Check that all image folders are ready as expected

In [51]:
path.ls()

[PosixPath('/content/data/teddys'),
 PosixPath('/content/data/url_teddy.csv'),
 PosixPath('/content/data/black'),
 PosixPath('/content/data/grizzly'),
 PosixPath('/content/data/.ipynb_checkpoints'),
 PosixPath('/content/data/url_grizzly.csv'),
 PosixPath('/content/data/urls_black.csv')]

Finally, upload the corresponding `urls_xxx.csv` file for each of the category/class in your dataset. 

You just need to press the folder icon on the left vertical menu, sekect the `data` folder just created above, right click on it and then select `Upload`. See the screenshot below.

![upload file](https://raw.githubusercontent.com/vtecftwy/fastbook/master/images/dwnl_0000.png)

## Download images

Now you will need to download your images from their respective urls.

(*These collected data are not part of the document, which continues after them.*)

lemma rayleigh_quotient_maximum:
  fixes M :: "real^'n^'n" and W :: "(real^'n) set"
  assumes "subspace W" "W \<noteq> {0}"
  obtains v where "v \<in> W" "norm v = 1" "\<And>x. x \<in> W \<Longrightarrow> x \<bullet> (M *v x) \<le> (v \<bullet> (M *v v)) * (x \<bullet> x)"
proof -
  define K where "K = W \<inter> sphere 0 1"
  obtain w where "w \<in> W" "w \<noteq> 0" using assms subspace_0 by blast
  then have "(1 / norm w) *\<^sub>R w \<in> K" using assms(1) by (auto simp: K_def subspace_scale)
  moreover have "compact K"
    unfolding K_def by (intro closed_Int_compact closed_subspace assms(1) compact_sphere)
  moreover have "continuous_on K (\<lambda>x. x \<bullet> (M *v x))"
    by (intro continuous_on_inner continuous_on_id linear_continuous_on)
      (simp add: linear_conv_bounded_linear[symmetric])
  ultimately obtain v where v: "v \<in> K" and max: "\<And>y. y \<in> K \<Longrightarrow> y \<bullet> (M *v y) \<le> v \<bullet> (M *v v)"
    using continuous_attains_sup[of K] by blast
  have "x \<bullet> (M *v x) \<le> (v \<bullet> (M *v v)) * (x \<bullet> x)" if "x \<in> W" for x
  proof (cases "x = 0")
    case False
    then have "(1 / norm x) *\<^sub>R x \<in> K" using assms(1) that by (auto simp: K_def subspace_scale)
    from max[OF this] have "(x \<bullet> (M *v x)) / (norm x)\<^sup>2 \<le> v \<bullet> (M *v v)"
      by (simp add: matrix_vector_mult_scaleR power2_eq_square)
    then show ?thesis using False by (simp add: divide_le_eq power2_norm_eq_inner mult.commute)
  qed simp
  with v show thesis using that by (auto simp: K_def)
qed

lemma rayleigh_maximizer_eigenvector:
  fixes M :: "real^'n^'n"
  assumes M: "symmetric_matrix M" and W: "subspace W" and inv: "\<And>x. x \<in> W \<Longrightarrow> M *v x \<in> W"
    and v: "v \<in> W" "norm v = 1"
    and max: "\<And>x. x \<in> W \<Longrightarrow> x \<bullet> (M *v x) \<le> (v \<bullet> (M *v v)) * (x \<bullet> x)"
  shows "M *v v = (v \<bullet> (M *v v)) *\<^sub>R v"
proof -
  define l where "l = v \<bullet> (M *v v)"
  define w where "w = M *v v - l *\<^sub>R v"
  have vv: "v \<bullet> v = 1" using v(2) by (simp add: dot_square_norm)
  have wW: "w \<in> W" unfolding w_def using inv v W by (auto intro: subspace_diff subspace_scale)
  have wv: "v \<bullet> w = 0"
    using vv by (simp add: w_def l_def inner_diff_right inner_commute)
  have vMw: "v \<bullet> (M *v w) = w \<bullet> w"
    using wv symmetric_matrix_inner[OF M, of v w]
    by (simp add: w_def inner_diff_left inner_diff_right inner_commute algebra_simps)
  have "2 * s * (w \<bullet> w) + s\<^sup>2 * (w \<bullet> (M *v w) - l * (w \<bullet> w)) \<le> 0" for s
  proof -
    have "l + 2 * s * (w \<bullet> w) + s\<^sup>2 * (w \<bullet> (M *v w))
        = (v + s *\<^sub>R w) \<bullet> (M *v (v + s *\<^sub>R w))"
      using vMw symmetric_matrix_inner[OF M, of w v]
      by (simp add: l_def matrix_vector_right_distrib matrix_vector_mult_scaleR inner_add_left
          inner_add_right inner_commute power2_eq_square algebra_simps)
    also have "\<dots> \<le> l * ((v + s *\<^sub>R w) \<bullet> (v + s *\<^sub>R w))"
      unfolding l_def using W v wW by (intro max subspace_add subspace_scale)
    also have "\<dots> = l * (1 + s\<^sup>2 * (w \<bullet> w))"
      using vv wv by (simp add: inner_add_left inner_add_right inner_commute power2_eq_square)
    finally show ?thesis by (simp add: algebra_simps)
  qed
  then have "w \<bullet> w = 0" by (rule nonneg_eq_0_if_quadratic_nonpos) simp
  then show ?thesis by (simp add: w_def l_def)
qed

fast.ai has a function that allows you to do just that. You just have to specify the urls filename as well as the destination folder and this function will download and save all images that can be opened. If they have some problem in being opened, they will not be saved.

Let's download our images! Notice you can choose a maximum number of images to be downloaded. In this case we will not download all the urls.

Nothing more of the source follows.